lemma alpha_fun_le_Mod: "alpha_fun G U \<le> alpha_fun (G Mod H) U'"
  unfolding alpha_fun_def
proof (rule cInf_superset_mono_nonneg, goal_cases)
  case (1 y)
  then obtain A' B' where A'B': "fin_ne (G Mod H) A'" "fin_ne (G Mod H) B'" "U' \<subseteq> A'" "U' \<subseteq> B'"
    and y: "y = real (card (A' <#>\<^bsub>G Mod H\<^esub> B')) / sqrt (real (card A') * real (card B'))"
    by blast
  obtain A B k where lift: "fin_ne G A" "fin_ne G B" "U \<subseteq> A" "U \<subseteq> B"
    and k: "k > 0" "card A = k * card A'" "card B = k * card B'"
      "card (A <#> B) = k * card (A' <#>\<^bsub>G Mod H\<^esub> B')"
    using obtain_scaled_lift[OF A'B'(1,2)] A'B'(3,4) by metis
  have "real (card (A <#> B)) / sqrt (real (card A) * real (card B)) = y"
    unfolding y k(2-4) by (rule divide_sqrt_mult_scale[OF k(1)])
  with lift show ?case
    by blast
next
  case 2
  show ?case
    using fin_ne_Mod_insert_image[OF finite_U U_carrier] by blast
next
  case (3 x)
  then show ?case
    by auto
qed

lemma alpha'_fun_le_Mod: "alpha'_fun G U \<le> alpha'_fun (G Mod H) U'"
  unfolding alpha'_fun_def
proof (rule cInf_superset_mono_nonneg, goal_cases)
  case (1 y)
  then obtain A' B' where A'B': "fin_ne (G Mod H) A'" "fin_ne (G Mod H) B'" "U' \<subseteq> A'" "U' \<subseteq> B'"
    "card A' = card B'" and y: "y = real (card (A' <#>\<^bsub>G Mod H\<^esub> B')) / real (card A')"
    by blast
  obtain A B k where lift: "fin_ne G A" "fin_ne G B" "U \<subseteq> A" "U \<subseteq> B"
    and k: "k > 0" "card A = k * card A'" "card B = k * card B'"
      "card (A <#> B) = k * card (A' <#>\<^bsub>G Mod H\<^esub> B')"
    using obtain_scaled_lift[OF A'B'(1,2)] A'B'(3,4) by metis
  have "real (card (A <#> B)) / real (card A) = y"
    unfolding y k(2,4) using k(1) by simp
  moreover have "card A = card B"
    using k(2,3) A'B'(5) by simp
  ultimately show ?case
    using lift by blast
next
  case 2
  show ?case
    using fin_ne_Mod_insert_image[OF finite_U U_carrier] by blast
next
  case (3 x)
  then show ?case
    by auto
qed

lemma alpha''_fun_le_Mod: "alpha''_fun G U \<le> alpha''_fun (G Mod H) U'"
  unfolding alpha''_fun_def
proof (rule cInf_superset_mono_nonneg, goal_cases)
  case (1 y)
  then obtain A' where A': "fin_ne (G Mod H) A'" "U' \<subseteq> A'"
    and y: "y = real (card (A' <#>\<^bsub>G Mod H\<^esub> A')) / real (card A')"
    by blast
  obtain A k where lift: "fin_ne G A" "U \<subseteq> A"
    and k: "k > 0" "card A = k * card A'" "card (A <#> A) = k * card (A' <#>\<^bsub>G Mod H\<^esub> A')"
    using obtain_scaled_lift[OF A'(1,1)] A'(2) by metis
  have "real (card (A <#> A)) / real (card A) = y"
    unfolding y k(2,3) using k(1) by simp
  with lift show ?case
    by blast
next
  case 2
  show ?case
    using fin_ne_Mod_insert_image[OF finite_U U_carrier] by blast
next
  case (3 x)
  then show ?case
    by auto
qed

§ **Problem statement**: Locate the string "unfolding" in the listing above and copy every line where it occurs.

§ **Written answer**:
  unfolding alpha_fun_def
    unfolding y k(2-4) by (rule divide_sqrt_mult_scale[OF k(1)])
  unfolding alpha'_fun_def
    unfolding y k(2,4) using k(1) by simp
  unfolding alpha''_fun_def
    unfolding y k(2,3) using k(1) by simp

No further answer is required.